WHAT IS REQUIRED:
Where a line of the data holds the word "subsection", copy that line.

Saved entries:
[Start of Attachment]
lemma c_bnd: "0 < c_bnd" "c_ell \<le> c_bnd" "c_M \<le> c_bnd"
  using c_ell(1) by (auto simp: c_bnd_def)

lemma opnorm_le_M:
  assumes "finite S" "finite T"
  shows "opnorm_le S T M c_bnd"
proof (rule opnorm_le_if_l2_bound[OF assms])
  show "0 \<le> c_bnd" using c_bnd(1) by simp
  fix x assume x: "in_l2 x"
  have "c_M * l2norm x \<le> c_bnd * l2norm x"
    using c_bnd(3) x
    by (intro mult_right_mono) (auto simp: l2norm_def in_l2_def intro: suminf_nonneg)
  with c_M[OF x] show "in_l2 (matvec M x) \<and> l2norm (matvec M x) \<le> c_bnd * l2norm x" by linarith
qed

lemma coercive_M: "finite S \<Longrightarrow> coercive S M c_ell"
  by (rule coercive_if_elliptic_bound[OF _ c_ell(2)])

lemma Linv_M_row:
  assumes i: "i \<in> Blk N" and l: "l \<in> Sec N"
  shows "(\<Sum>t\<in>Sec N. Linv i t * M t l) = - M i l"
proof -
  have bi: "block_of n i = N" using i in_Blk by simp
  have "U i l = 0" using block_upper_entry[OF bs Uup, of i l] l bi in_Sec by fastforce
  then have "0 = (\<Sum>t<r i. Linv i t * M t l)" using U_entry by simp
  also have "\<dots> = (\<Sum>t\<in>Sec N. Linv i t * M t l) + (\<Sum>t\<in>Blk N. Linv i t * M t l)"
    using bi Sec_Blk by (simp add: sum.union_disjoint finite_Blk)
  also have "(\<Sum>t\<in>Blk N. Linv i t * M t l) = (\<Sum>t\<in>Blk N. id_mat i t * M t l)"
    using Linv_diag bi in_Blk by (intro sum.cong refl) auto
  also have "\<dots> = M i l" using i finite_Blk by (simp add: sum_id_mat_left)
  finally show ?thesis by linarith
qed

lemma fmatmul_Linv_M: "i \<in> Blk N \<Longrightarrow> t \<in> Sec N \<Longrightarrow> fmatmul (Sec N) Linv M i t = - M i t"
  unfolding fmatmul_def by (rule Linv_M_row)

lemma opnorm_le_Linv_row: "opnorm_le (Sec N) (Blk N) Linv (c_bnd / c_ell)"
proof -
  have "opnorm_le (Sec N) (Blk N) (fmatmul (Sec N) Linv M) c_bnd"
    using opnorm_le_uminus[OF opnorm_le_M[OF finite_lessThan finite_Blk]]
    by (rule opnorm_le_cong) (simp add: fmatmul_Linv_M)
  from opnorm_le_right_coercive[OF finite_lessThan finite_Blk c_ell(1)
      coercive_transpose[OF coercive_M[OF finite_lessThan]] this]
  show ?thesis .
qed

subsection \<open>Richardson iteration and decay of \<open>L\<^sup>-\<^sup>1\<close>\<close>

definition omega :: real where "omega = c_ell / c_bnd\<^sup>2"
definition R :: imat where "R = (\<lambda>a b. id_mat a b - omega * M a b)"
definition rate :: real where "rate = sqrt (1 - c_ell\<^sup>2 / c_bnd\<^sup>2)"

lemma rate: "0 \<le> rate" "rate < 1"
proof -
  have "c_ell\<^sup>2 \<le> c_bnd\<^sup>2" using c_bnd c_ell by (intro power_mono) auto
  then have "c_ell\<^sup>2 / c_bnd\<^sup>2 \<le> 1" using c_bnd by (simp add: divide_le_eq)
  then show "0 \<le> rate" by (simp add: rate_def)
  have "0 < c_ell\<^sup>2 / c_bnd\<^sup>2" using c_bnd c_ell by simp
  then show "rate < 1" by (simp add: rate_def)
qed

lemma opnorm_le_R: "finite S \<Longrightarrow> opnorm_le S S R rate"
  unfolding R_def omega_def rate_def
    using opnorm_le_richardson[OF _ c_ell(1) c_bnd(2) opnorm_le_M coercive_M] by simp

lemma opnorm_le_R_pow: "finite S \<Longrightarrow> opnorm_le S S (fmatpow S R s) (rate ^ s)"
  by (rule opnorm_le_fmatpow[OF _ opnorm_le_R])

definition block_dist :: "nat \<Rightarrow> nat \<Rightarrow> real" where
  "block_dist a b = dist (real (block_of n a)) (real (block_of n b))"

lemma block_dist_refl: "block_dist a a = 0" by (simp add: block_dist_def)
lemma block_dist_triangle: "block_dist a c \<le> block_dist a b + block_dist b c"
  unfolding block_dist_def by (rule dist_triangle)

lemma d_refl: "d a a = 0" using met unfolding nat_metric_def by blast
lemma d_triangle: "d a c \<le> d a b + d b c" using met unfolding nat_metric_def by blast

lemma R_nonzero: "R a b \<noteq> 0 \<Longrightarrow> block_dist a b \<le> b0 \<and> d a b \<le> b0"
proof -
  assume nz: "R a b \<noteq> 0"
  show ?thesis
  proof (cases "a = b")
    case True then show ?thesis by (simp add: block_dist_refl d_refl)
  next
    case False
    then have "M a b \<noteq> 0" using nz by (simp add: R_def id_mat_def)
    then show ?thesis using M_block_dist M_dist by (simp add: block_dist_def)
  qed
qed

lemma neumann_sum_block_dist: "neumann_sum S R omega k i j \<noteq> 0 \<Longrightarrow> block_dist i j \<le> real (k - 1) * b0"
  by (rule neumann_sum_nonzero_dist[where dl=block_dist, OF block_dist_refl block_dist_triangle])
    (use R_nonzero in auto)

lemma R_pow_block_dist: "fmatpow S R m i j \<noteq> 0 \<Longrightarrow> block_dist i j \<le> real m * b0"
  by (rule fmatpow_nonzero_dist[where dl=block_dist, OF block_dist_refl block_dist_triangle])
    (use R_nonzero in auto)

lemma Linv_row_decomp:
  assumes i: "i \<in> Blk N" and l: "l \<in> Sec N"
  shows "Linv i l
    = fmatmul (Sec N) Linv (fmatpow (Sec N) R s) i l - fmatmul (Sec N) M (neumann_sum (Sec N) R omega s) i l"
proof -
  let ?S = "Sec N" and ?P = "neumann_sum (Sec N) R omega s"
  have "fmatmul ?S Linv (fmatpow ?S R s) i l = (\<Sum>t\<in>?S. Linv i t * (id_mat t l - fmatmul ?S M ?P t l))"
    unfolding fmatmul_def[of ?S Linv] using fmatmul_neumann_sum[of ?S R omega M]
      by (intro sum.cong refl) (auto simp: R_def)
  also have "\<dots> = fmatmul ?S Linv id_mat i l - fmatmul ?S Linv (fmatmul ?S M ?P) i l"
    by (simp add: fmatmul_def right_diff_distrib sum_subtractf)
  also have "fmatmul ?S Linv id_mat i l = Linv i l" using l by (simp add: fmatmul_id_right)
  also have "fmatmul ?S Linv (fmatmul ?S M ?P) i l = fmatmul ?S (fmatmul ?S Linv M) ?P i l"
    by (simp add: fmatmul_assoc)
  also have "\<dots> = - fmatmul ?S M ?P i l"
    unfolding fmatmul_def[of ?S "fmatmul ?S Linv M"] using fmatmul_Linv_M[OF i]
    by (simp add: fmatmul_def[of ?S M] sum_negf)
  finally show ?thesis by simp
qed

lemma M_neumann_sum_far:
  assumes i: "i \<in> Blk N" and lj: "block_of n l = j" and far: "s * b0 + j < N"
  shows "fmatmul (Sec N) M (neumann_sum (Sec N) R omega s) i l = 0"
proof (cases "s = 0")
  case True then show ?thesis by (simp add: fmatmul_def neumann_sum_def)
next
  case False
  show ?thesis unfolding fmatmul_def
  proof (rule sum.neutral, rule ballI, rule ccontr)
    fix t assume "M i t * neumann_sum (Sec N) R omega s t l \<noteq> 0"
    then have "M i t \<noteq> 0" "neumann_sum (Sec N) R omega s t l \<noteq> 0" by auto
    then have "block_dist i t \<le> b0" "block_dist t l \<le> real (s - 1) * b0"
      using M_block_dist neumann_sum_block_dist by (auto simp: block_dist_def)
    then have "block_dist i l \<le> b0 + real (s - 1) * b0"
      using block_dist_triangle[where a=i and b=t and c=l] by linarith
    moreover have "real (s - 1) = real s - 1" using False by simp
    ultimately have "block_dist i l \<le> real s * b0" by (simp add: algebra_simps)
    moreover have "block_of n i = N" using i in_Blk by simp
    ultimately have "real N - real j \<le> real s * b0" using lj
      by (simp add: block_dist_def dist_real_def)
    moreover have "real (s * b0 + j) < real N" using far by linarith
    ultimately show False by simp
  qed
qed

lemma opnorm_le_Linv_far:
  assumes F: "F \<subseteq> Sec N" and far: "\<And>t. t \<in> F \<Longrightarrow> s * b0 + block_of n t < N"
  shows "opnorm_le F (Blk N) Linv ((c_bnd / c_ell) * rate ^ s)"
proof -
  have "opnorm_le F (Sec N) (fmatpow (Sec N) R s) (rate ^ s)"
    using opnorm_le_subset[OF opnorm_le_R_pow[OF finite_lessThan] finite_lessThan finite_lessThan F]
    by simp
  from opnorm_le_fmatmul[OF finite_lessThan this opnorm_le_Linv_row]
  have "opnorm_le F (Blk N) (fmatmul (Sec N) Linv (fmatpow (Sec N) R s)) ((c_bnd / c_ell) * rate ^ s)" .
  then show ?thesis
  proof (rule opnorm_le_cong)
    fix i l assume "i \<in> Blk N" "l \<in> F"
    then show "fmatmul (Sec N) Linv (fmatpow (Sec N) R s) i l = Linv i l"
      using Linv_row_decomp[of i N l s] M_neumann_sum_far[of i N l "block_of n l" s] far F by auto
  qed
qed

definition decay_Linv :: "nat \<Rightarrow> real" where
  "decay_Linv m = (if m = 0 then 1 else (c_bnd / c_ell) * rate ^ ((m - 1) div b0))"

lemma decay_Linv_nonneg: "0 \<le> decay_Linv m" using c_bnd c_ell rate by (simp add: decay_Linv_def)

lemma opnorm_le_Linv_block:
  assumes "j \<le> N"
  shows "opnorm_le (Blk j) (Blk N) Linv (decay_Linv (N - j))"
proof (cases "j = N")
  case True
  have "opnorm_le (Blk N) (Blk N) id_mat 1" by (rule opnorm_le_id[OF finite_Blk])
  then have "opnorm_le (Blk N) (Blk N) Linv 1"
    by (rule opnorm_le_cong) (use Linv_diag in_Blk in auto)
  then show ?thesis using True by (simp add: decay_Linv_def)
next
  case False
  then have jN: "j < N" using assms by simp
  let ?s = "(N - j - 1) div b0"
  have sb: "?s * b0 \<le> N - j - 1" by (simp add: div_times_less_eq_dividend)
  have sj: "?s * b0 + j < N" using sb jN by linarith
  have far: "?s * b0 + block_of n t < N" if "t \<in> Blk j" for t
  proof -
    have "block_of n t = j" using that in_Blk by simp
    then show ?thesis using sj by simp
  qed
  have "Blk j \<subseteq> Sec N" using jN in_Blk in_Sec by auto
  from opnorm_le_Linv_far[OF this far] show ?thesis using jN by (simp add: decay_Linv_def)
qed

definition bound_Linv :: real where "bound_Linv = 1 + (c_bnd / c_ell) * (b0 * (1 / (1 - rate)))"

lemma sum_decay_Linv: "(\<Sum>m<K. decay_Linv m) \<le> bound_Linv"
proof -
  have "(\<Sum>m<K. decay_Linv m) \<le> decay_Linv 0 + (\<Sum>m<K. (c_bnd / c_ell) * rate ^ (m div b0))"
    by (rule sum_lessThan_shift_le) (use c_bnd c_ell rate decay_Linv_nonneg in \<open>auto simp: decay_Linv_def\<close>)
  also have "(\<Sum>m<K. (c_bnd / c_ell) * rate ^ (m div b0)) = (c_bnd / c_ell) * (\<Sum>m<K. rate ^ (m div b0))"
    by (simp add: sum_distrib_left)
  also have "\<dots> \<le> (c_bnd / c_ell) * (b0 * (\<Sum>t<K. rate ^ t))"
    using c_bnd c_ell rate b0pos by (intro mult_left_mono sum_div_le) auto
  also have "\<dots> \<le> (c_bnd / c_ell) * (b0 * (1 / (1 - rate)))"
    using c_bnd c_ell rate by (intro mult_left_mono sum_geometric_le) auto
  finally show ?thesis by (simp add: bound_Linv_def decay_Linv_def)
qed

lemma opnorm_le_Linv: "opnorm_le (Sec K) (Sec K) Linv bound_Linv"
  by (rule opnorm_le_block_lower[OF bs Linvlow decay_Linv_nonneg opnorm_le_Linv_block sum_decay_Linv])

subsection \<open>The banded approximation of \<open>L\<^sup>-\<^sup>1\<close>\<close>

text \<open>In block row \<open>N\<close>, below the diagonal: \<open>-M(N,<N) \<omega> \<Sum>\<^bsub>m<k\<^esub> R\<^sup>m\<close>, the \<open>k\<close>-term Neumann
  approximation of \<open>W = -M(N,<N) M(<N,<N)\<^sup>-\<^sup>1\<close>.\<close>

definition Linv_approx :: "nat \<Rightarrow> imat" where
  "Linv_approx k i l = (if block_of n l = block_of n i then id_mat i l
     else if block_of n i < block_of n l then 0
     else - fmatmul (Sec (block_of n i)) M (neumann_sum (Sec (block_of n i)) R omega k) i l)"

definition approx_err :: "nat \<Rightarrow> imat" where "approx_err k = mat_diff Linv (Linv_approx k)"

lemma Linv_approx_lower: "block_lower n (Linv_approx k)"
  by (rule block_lowerI[OF bs]) (auto simp: Linv_approx_def split: if_splits)

lemma approx_err_lower: "block_lower n (approx_err k)"
  by (rule block_lowerI[OF bs])
    (auto simp: approx_err_def mat_diff_def Linv_approx_def split: if_splits
          dest: block_lower_entry[OF bs Linvlow])

lemma approx_err_eq:
  assumes i: "i \<in> Blk N" and l: "l \<in> Sec N"
  shows "approx_err k i l = fmatmul (Sec N) Linv (fmatpow (Sec N) R k) i l"
proof -
  have bi: "block_of n i = N" using i in_Blk by simp
  have "block_of n l < N" using l in_Sec by simp
  then have "Linv_approx k i l = - fmatmul (Sec N) M (neumann_sum (Sec N) R omega k) i l" using bi
    by (simp add: Linv_approx_def)
  then show ?thesis using Linv_row_decomp[OF i l, of k] by (simp add: approx_err_def mat_diff_def)
qed

lemma approx_err_upper: "block_of n i \<le> block_of n l \<Longrightarrow> approx_err k i l = 0"
proof -
  assume a: "block_of n i \<le> block_of n l"
  show ?thesis
  proof (cases "block_of n l = block_of n i")
    case True then show ?thesis using Linv_diag
      by (simp add: approx_err_def mat_diff_def Linv_approx_def)
  next
    case False
    then have "block_of n i < block_of n l" using a by simp
    moreover then have "Linv i l = 0" using block_lower_entry[OF bs Linvlow, of i l] by fastforce
    ultimately show ?thesis using False by (simp add: approx_err_def mat_diff_def Linv_approx_def)
  qed
qed

lemma approx_err_eq_near:
  assumes i: "i \<in> Blk N" and l: "l \<in> Blk j" and jN: "j < N"
  shows "approx_err k i l
    = fmatmul {t \<in> Sec N. block_of n t \<le> j + k * b0} Linv (fmatpow (Sec N) R k) i l"
proof -
  have lS: "l \<in> Sec N" using l jN in_Blk in_Sec by auto
  have "fmatpow (Sec N) R k t l = 0" if "t \<in> Sec N" "\<not> block_of n t \<le> j + k * b0" for t
  proof (rule ccontr)
    assume "fmatpow (Sec N) R k t l \<noteq> 0"
    then have "block_dist t l \<le> real k * b0" by (rule R_pow_block_dist)
    then have "real (block_of n t) \<le> real j + real k * b0"
      using l in_Blk by (simp add: block_dist_def dist_real_def)
    then show False using that by (simp flip: of_nat_mult of_nat_add)
  qed
  then have "fmatmul (Sec N) Linv (fmatpow (Sec N) R k) i l
      = fmatmul {t \<in> Sec N. block_of n t \<le> j + k * b0} Linv (fmatpow (Sec N) R k) i l"
    unfolding fmatmul_def by (intro sum.mono_neutral_right) auto
  then show ?thesis using approx_err_eq[OF i lS] by simp
qed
[End of Attachment]
YOUR RESPONSE:
subsection \<open>Richardson iteration and decay of \<open>L\<^sup>-\<^sup>1\<close>\<close>
subsection \<open>The banded approximation of \<open>L\<^sup>-\<^sup>1\<close>\<close>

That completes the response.